En el año 1607 se crea el Curato de Londres (Catamarca, con jurisdicción sobre Santa María, Andalgalá, Pomán, Tinogasta y Antofagasta de la Sierra) e inmediatamente accede como clérigo designado en la región el padre Diego de Torres, quien llega al territorio en el año 1608 con trece misioneros que le acompañan…

En el mismo año que la Compañía de Jesús se estableció en el reino de Chile, el P. Provincial Juan Sebastián Parra ordenó que fueran al Tucumán y al Paraguay los PP. Juan Romero, Gaspar Monroy, Juan Viana y Marcelo Lorenzana, todos sacerdotes, que hacía tiempo habían llegado de España; iba con ellos el lego Juan Aguilar. Acababa de declarar el General Claudio Aquaviva que los jesuitas que habían ído del Brasil con el P. José Anchieta cinco años antes, estaban sujetos á la potestad del Provincial del Perú, y así, en ausencia del P. Juan La Fuente, fué puesto al frente de los misioneros del Paraguay y del Tucumán el P. Juan Romero, quien ciertamente era digno de tal cargo.[71]

El Curato de Londres pasa a depender políticamente de la diócesis de Arequipa creada en el año 1609[72].

En el año 1610, dos meses después de la muerte de Solano, se inicia el periodo de beatificación, que culminó con su canonización en el año 1726.[73]

En el mismo espacio tiempo, el padre Diego González publica en Lima la segunda Gramática de la lengua general del Perú…

“No tanto para saber algo de la lengua para confesar, que esa ya la havía sino para formar”[74]

En la navidad del año 1614 fallece el segundo Obispo del Tucumán, y ante su desaparición física, Diego de Torres escribe al Rey solicitándole la sustitución en el Obispado por el fundador del Colegio de San Miguel, el canónigo Francisco de Salcedo, que residía en Chuquisaca.

(Carta al Rey fechada el 28 de diciembre de 1614) "por lo que ha ayudado al Obispo pasado (Vitoria)"

En el año 1620 se funda el Convento de Todos los Santos de la Nueva Rioja, Por su parte, dos Jesuitas, los padres Diego de Torres, en el año 1613, y Pedro de Oñate, en el año 1616, comienzan con la recopilación del material bibliográfico que la historia conoce como “Cartas Anuas de la provincia de Tucumán, de la Compañía de Jesús”[75]

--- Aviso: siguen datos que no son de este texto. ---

sublocale exp_mixture weight scale
proof
  show "weight k \<ge> 0" for k
    using heavy_weight_nonneg weight_0_pos by (cases k) (auto simp: weight_def)
  show "scale k \<ge> 1" for k
    using level_ge_1 by (cases k) (auto simp: scale_def)
  show "summable weight"
    using summable_heavy_weight summable_Suc_iff[of weight] by (simp add: weight_def)
qed

lemma moment_series_le:
  assumes "0 < p" "p < \<alpha>"
  shows "summable (\<lambda>k. weight k * scale k powr p)"
    and "(\<Sum>k. weight k * scale k powr p) \<le> (\<alpha> + 2 * exp 1) / (\<alpha> - p)"
proof -
  have shift: "(\<lambda>k. weight (Suc k) * scale (Suc k) powr p) = (\<lambda>k. heavy_weight k * level k powr p)"
    by (simp add: weight_def scale_def)
  have "summable (\<lambda>k. weight (Suc k) * scale (Suc k) powr p)"
    unfolding shift using heavy_moment_series(1)[of p] assms by simp
  then show summable: "summable (\<lambda>k. weight k * scale k powr p)"
    using summable_Suc_iff[of "\<lambda>k. weight k * scale k powr p"] by (simp only:)
  have "(\<Sum>k. weight k * scale k powr p) = weight 0 + (\<Sum>k. heavy_weight k * level k powr p)"
    using suminf_split_head[OF summable] shift by (simp add: scale_def)
  also have "\<dots> \<le> 1 + 2 * exp 1 / (\<alpha>-p) * exp (-(\<alpha>-p)*S/2)"
    using heavy_moment_series(2)[of p] assms summable_heavy_weight heavy_weight_nonneg
    by (intro add_mono) (auto simp: weight_def suminf_nonneg)
  also have "\<dots> \<le> 1 + 2 * exp 1 / (\<alpha>-p) * 1"
    using assms S_ge_1 by (intro add_left_mono mult_left_mono) (auto intro: mult_nonpos_nonneg)
  also have "\<dots> \<le> (\<alpha> + 2 * exp 1) / (\<alpha> - p)"
    using assms by (simp add: field_simps)
  finally show "(\<Sum>k. weight k * scale k powr p) \<le> (\<alpha> + 2 * exp 1) / (\<alpha> - p)" .
qed
lemma integral_bearing_kernel:
  fixes u :: "real^2"
  assumes r0: "0 < r0" "r0 < R" and u: "norm u = 1"
  shows "(\<integral>d. indicator (annulus r0 R) d *\<^sub>R bearing_kernel u d \<partial>lborel)
       = (pi * (1 / r0\<^sup>2 - 1 / R\<^sup>2) / 8) *\<^sub>R (3 *\<^sub>R mat 1 - 2 *\<^sub>R outer u u)"
proof -
  define G where "G = integral (annulus r0 R) (bearing_kernel u)"
  define w where "w = 1 / r0\<^sup>2 - 1 / R\<^sup>2"
  have lborel: "(\<integral>d. indicator (annulus r0 R) d *\<^sub>R bearing_kernel u d \<partial>lborel) = G"
    and "bearing_kernel u integrable_on annulus r0 R"
    using set_borel_integral_eq_integral[OF set_integrable_bearing_kernel[OF r0(1)]]
    by (simp_all add: G_def set_lebesgue_integral_def)
  then have "((\<lambda>d. bearing_kernel u d $ i $ j) has_integral G $ i $ j) (annulus r0 R)" for i j
    unfolding G_def
    using has_integral_linear[OF _ bounded_linear_compose[OF bounded_linear_vec_nth bounded_linear_vec_nth]]
    by (force simp: o_def)
  note entry = has_integral_unique[OF this has_integral_bearing_kernel_entry[OF r0]]
  have "G $ 1 $ 1 = pi * ((u$1)\<^sup>2 + 3 * (u$2)\<^sup>2) / 4 * w / 2"
    using entry[OF has_integral_angular_sin_sq bearing_kernel_polar(1)] by (simp add: w_def)
  moreover have "G $ 2 $ 2 = pi * (3 * (u$1)\<^sup>2 + (u$2)\<^sup>2) / 4 * w / 2"
    using entry[OF has_integral_angular_cos_sq bearing_kernel_polar(2)] by (simp add: w_def)
  moreover have "G $ 1 $ 2 = - (pi * u$1 * u$2 / 2) * w / 2" "G $ 2 $ 1 = - (pi * u$1 * u$2 / 2) * w / 2"
    using entry[OF has_integral_angular_cos_sin bearing_kernel_polar(3)]
      entry[OF has_integral_angular_cos_sin bearing_kernel_polar(4)] by (simp_all add: w_def)
  moreover have "(u$1)\<^sup>2 + (u$2)\<^sup>2 = 1"
    using u by (simp add: norm_real2)
  ultimately have "G = (pi * w / 8) *\<^sub>R (3 *\<^sub>R mat 1 - 2 *\<^sub>R outer u u)"
    by (simp add: vec_eq_iff forall_2 mat_def outer_def field_simps) algebra
  then show ?thesis
    unfolding lborel w_def .
qed

section \<open>The smallest eigenvalue\<close>

lemma lambda_min_three_id_minus_two_outer:
  fixes u :: "real^2"
  assumes u: "norm u = 1" and b: "b > 0"
  shows "lambda_min (b *\<^sub>R (3 *\<^sub>R mat 1 - 2 *\<^sub>R outer u u)) = b"
proof -
  have apply_matrix: "(b *\<^sub>R (3 *\<^sub>R mat 1 - 2 *\<^sub>R outer u u)) *v w = b *\<^sub>R (3 *\<^sub>R w - (2 * (u \<bullet> w)) *\<^sub>R u)" for w
    by (simp add: vec_eq_iff forall_2 matrix_vector_mult_def sum_2 mat_def outer_def inner_vec_def algebra_simps)
  have uu: "u \<bullet> u = 1"
    using u by (simp add: norm_eq_sqrt_inner)
  show ?thesis
    unfolding lambda_min_def
  proof (rule cInf_eq_minimum)
    have "(b *\<^sub>R (3 *\<^sub>R mat 1 - 2 *\<^sub>R outer u u)) *v u = b *\<^sub>R u"
      by (simp only: apply_matrix) (simp add: uu flip: scaleR_left_distrib scaleR_diff_left)
    moreover have "u \<noteq> 0"
      using u by auto
    ultimately
    show "b \<in> {l. \<exists>w. w \<noteq> 0 \<and> (b *\<^sub>R (3 *\<^sub>R mat 1 - 2 *\<^sub>R outer u u)) *v w = l *\<^sub>R w}"
      by blast
  next
    fix l
    assume "l \<in> {l. \<exists>w. w \<noteq> 0 \<and> (b *\<^sub>R (3 *\<^sub>R mat 1 - 2 *\<^sub>R outer u u)) *v w = l *\<^sub>R w}"
    then obtain w where w: "w \<noteq> 0" "b *\<^sub>R (3 *\<^sub>R w - (2 * (u \<bullet> w)) *\<^sub>R u) = l *\<^sub>R w"
      by (auto simp: apply_matrix)
    then have "w \<bullet> (b *\<^sub>R (3 *\<^sub>R w - (2 * (u \<bullet> w)) *\<^sub>R u)) = w \<bullet> (l *\<^sub>R w)"
      by simp
    then have rayleigh: "b * (3 * (w \<bullet> w) - 2 * (u \<bullet> w)\<^sup>2) = l * (w \<bullet> w)"
      by (simp add: inner_diff_right algebra_simps power2_eq_square inner_commute)
    have "(u \<bullet> w)\<^sup>2 \<le> w \<bullet> w"
      using Cauchy_Schwarz_ineq[of u w] uu by simp
    with b have "b * (w \<bullet> w) \<le> l * (w \<bullet> w)"
      unfolding rayleigh[symmetric] by (simp add: algebra_simps)
    then show "b \<le> l"
      using w(1) by simp
  qed
qed
(* For each $n$, consider the distributed system (under the RJSQ policy) and its synchronized service pool (SSP), as described in the context, both initially empty. Then the process $\Gamma^\star_n(t)=\sum_{k=1}^sW_{n,k}(t)-W^\star_n(t)$, $t\ge0$, has continuous, piecewise linear sample paths, and $\Gamma^\star_n(t)\ge0$ for all $t\ge0$.
   Context: Distributed system $n$: $s\ge2$ stations with single work-conserving FCFS servers, unlimited waiting room, service rates $0<\mu_1\le\cdots\le\mu_s$, $\mu=\sum_k\mu_k$. Customer $j$ appears at time $a_n(j)=\sum_{i\le j}z(i)/\lambda_n$ ($z(i)$ i.i.d. nonnegative with mean 1), has traveling delay vector $\sqrt n\boldsymbol\gamma(j)$ ($\boldsymbol\gamma(j)$ i.i.d. random vectors in $\mathbb R_+^s$ taking finitely many values $\boldsymbol d_1,\ldots,\boldsymbol d_b$), and is routed by the randomized join-the-shortest-queue (RJSQ) policy to a destination $\xi_n(j)\in\{1,\ldots,s\}$ (each customer is sent to station $k$ with probability depending on the ranking of the weighted queue lengths $Q_{n,\ell}/\mu_\ell$ at its appearance), arriving at station $\xi_n(j)$ at time $a_n(j)+\sqrt n\gamma_{\xi_n(j)}(j)$. The $i$th customer served at station $k$ has service requirement $w_k(i)$ (i.i.d. nonnegative, mean 1) and service time $w_k(i)/\mu_k$. $W_{n,k}(t)$ is the stationed workload at station $k$: the total unfinished service requirement (remaining service time multiplied by $\mu_k$) of customers present at station $k$ at time $t$. SSP $n$: a single station with one work-conserving FCFS server of rate $\mu$ and unlimited waiting room. For each customer $j$ of distributed system $n$ there is a counterpart that is of class $k$ if $\xi_n(j)=k$, arrives at the SSP station at the same time $a_n(j)+\sqrt n\gamma_{\xi_n(j)}(j)$, and has the same service requirement (the $i$th class-$k$ customer requires $w_k(i)$, with service time $w_k(i)/\mu$). $W^\star_n(t)$ is the total unfinished service requirement of customers present at the SSP station at time $t$. *)

theory Defs
  imports "HOL-Analysis.Analysis"
begin

text \<open>Workload (in units of service requirement) at time t of a single-station,
single-server, work-conserving queue with server rate c, initially empty, fed by the
customers j \<ge> 1 with sel j, customer j arriving at time arr j with service
requirement v j.  This is the standard explicit (Reich / one-sided reflection) formula
  W(t) = sup over u in [0,t] of ( work arriving in [u,t] - c (t - u) ),
which describes the total unfinished service requirement present at time t
(right-continuous, customers arriving exactly at t included).\<close>

definition queue_workload ::
  "(nat \<Rightarrow> real) \<Rightarrow> (nat \<Rightarrow> real) \<Rightarrow> (nat \<Rightarrow> bool) \<Rightarrow> real \<Rightarrow> real \<Rightarrow> real" where
  "queue_workload arr v sel c t =
     (SUP u\<in>{0..t}. (\<Sum>j\<in>{j. 1 \<le> j \<and> sel j \<and> u \<le> arr j \<and> arr j \<le> t}. v j) - c * (t - u))"

text \<open>Piecewise linear on [0,\<infinity>): on every [0,T] there is a finite partition
such that f is affine on each cell.\<close>

definition piecewise_linear_nonneg :: "(real \<Rightarrow> real) \<Rightarrow> bool" where
  "piecewise_linear_nonneg f \<longleftrightarrow>
     (\<forall>T>0. \<exists>P. finite P \<and> 0 \<in> P \<and> T \<in> P \<and> P \<subseteq> {0..T} \<and>
        (\<forall>a\<in>P. \<forall>b\<in>P. a < b \<and> {a<..<b} \<inter> P = {} \<longrightarrow>
            (\<exists>\<alpha> \<beta>. \<forall>x\<in>{a..b}. f x = \<alpha> * x + \<beta>)))"
lemma entropy_mixture_defect:
  assumes x: "x \<in> finite_simplex" and y: "y \<in> finite_simplex" and t: "0 \<le> t" "t \<le> 1"
  defines "m \<equiv> \<lambda>i. t * x i + (1 - t) * y i"
  shows "0 \<le> entropy m - t * entropy x - (1 - t) * entropy y"
    and "entropy m - t * entropy x - (1 - t) * entropy y \<le> 1"
proof -
  define T where "T = support x \<union> support y"
  have T: "finite T" "support x \<subseteq> T" "support y \<subseteq> T" "support m \<subseteq> T"
    using x y unfolding T_def m_def finite_simplex_def support_def by auto
  define E where "E i = t * (x i * ln (x i)) + (1 - t) * (y i * ln (y i)) - m i * ln (m i)" for i
  have "entropy m - t * entropy x - (1 - t) * entropy y = (\<Sum>i\<in>T. E i)"
    unfolding entropy_superset[OF T(1,2)] entropy_superset[OF T(1,3)] entropy_superset[OF T(1,4)] E_def
    by (simp add: sum_subtractf sum_negf sum_distrib_left sum.distrib)
  moreover have "0 \<le> E i" "E i \<le> (1 - t) * x i + t * y i" for i
    using xlnx_mixture_bounds[OF t, of "x i" "y i"] x y
    unfolding E_def m_def finite_simplex_def by auto
  then have "0 \<le> (\<Sum>i\<in>T. E i)" "(\<Sum>i\<in>T. E i) \<le> (\<Sum>i\<in>T. (1 - t) * x i + t * y i)"
    by (simp_all add: sum_nonneg sum_mono)
  moreover have "(\<Sum>i\<in>T. (1 - t) * x i + t * y i) = 1"
    using finite_simplex_sum[OF x T(1,2)] finite_simplex_sum[OF y T(1,3)]
    by (simp add: sum.distrib flip: sum_distrib_left)
  ultimately show "0 \<le> entropy m - t * entropy x - (1 - t) * entropy y"
    and "entropy m - t * entropy x - (1 - t) * entropy y \<le> 1" by simp_all
qed

lemma entropy_embedding_mixture:
  fixes t :: real
  assumes x: "x \<in> finite_simplex" and y: "y \<in> finite_simplex"
  defines "m \<equiv> \<lambda>i. t * x i + (1 - t) * y i"
  shows "t *\<^sub>R entropy_embedding e w x + (1 - t) *\<^sub>R entropy_embedding e w y =
    entropy_embedding e w m - (entropy m - t * entropy x - (1 - t) * entropy y) *\<^sub>R e"
proof -
  define T where "T = support x \<union> support y"
  have T: "finite T" "support x \<subseteq> T" "support y \<subseteq> T" "support m \<subseteq> T"
    using x y unfolding T_def m_def finite_simplex_def support_def by auto
  have "t *\<^sub>R (\<Sum>i\<in>T. x i *\<^sub>R w i) + (1 - t) *\<^sub>R (\<Sum>i\<in>T. y i *\<^sub>R w i) = (\<Sum>i\<in>T. m i *\<^sub>R w i)"
    unfolding m_def scaleR_sum_right sum.distrib[symmetric] by (rule sum.cong) (simp_all add: algebra_simps)
  then show ?thesis
    unfolding entropy_embedding_superset[OF T(1,2)] entropy_embedding_superset[OF T(1,3)]
      entropy_embedding_superset[OF T(1,4)] entropy_superset[OF T(1,2)] entropy_superset[OF T(1,3)]
      entropy_superset[OF T(1,4)]
    by (simp add: algebra_simps)
qed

“Ediciones que se prolongarían hasta el año 1637.”[76]

Posteriormente se asienta en la región de los valles de Catamarca un grupo de misioneros jesuitas enviados desde Paraguay (1617)

Pero pronto desisten debido a las miserias y penurias que deben soportar.

Un hecho místico de trascendencia histórica sucede el 30 de abril del año 1620, en efecto, la mitología popular pagana “fragua” en la “iconografía monoteísta” cuando el español Juan de Zalazar “descubre” una imagen de la Virgen María. (Abandonada en la Gruta de las lomas de Choya, Catamarca) y dado el lugar de su hallazgo, inmediatamente es denominada como “Virgen del Valle”.

(La imagen fue llevada a Las Chacras y luego a San Isidro, fecha donde comienza su devoción)
Ajenos al inicio de la devoción mariana, e inmersos en la gestación del primer alzamiento nativo en contra de los invasores españoles, diferentes religiosos asentados en el noreste y noroeste de la actual provincia de La Rioja resultaron perseguidos.
El caso de mayor difusión fue la ejecución de Fray Torino, acaecida en el año 1632. 

POLO DE ONDEGARDO
Este religioso, fervoroso seguidor del inquisidor Polo de Ondegardo, asesor del fallecido Fray Francisco de Loaysa,[77] intentaba erradicar…

“con diferentes métodos y actitudes no convencionales”
Las manifestaciones que los nativos ejecutaban hacia “sus muertos sagrados”. Debido a ello, el cacique de la parcialidad Atiles, Juan Cativas, ayudado por su consejero Pedro Alimín, pergeñaron un plan para dar muerte al padre Antonio Torino, meta que cumplieron cuando colgaron el cuerpo del religioso de un algarrobo, descuartizándolo…

Inmediatamente El joven capitán Jerónimo Luis de Cabrera y Garay, designó a su lugarteniente Gregorio de Luna y Cárdenas para que asista la orden asentada en el lugar del martirio de Torino, y “ejecute a toda la parcialidad”[78] (Por su puesto que Luna y Cárdenas cumplió fielmente la orden, y no quedó un solo miembro de la parcialidad nativa)[79]

“Serenados los ánimos en los valles de La Rioja”, por la presencia intemperante de Pedro Ramírez de Contreras (¿De Ramírez Contreras?) la diócesis decidió en el año 1635 enviar a los padres Jaime de Barrios e Ignacio de Medina, con la misión de evangelizar en las ciudades de Todos los Santos de la Nueva Rioja y Londres de la Nueva Inglaterra…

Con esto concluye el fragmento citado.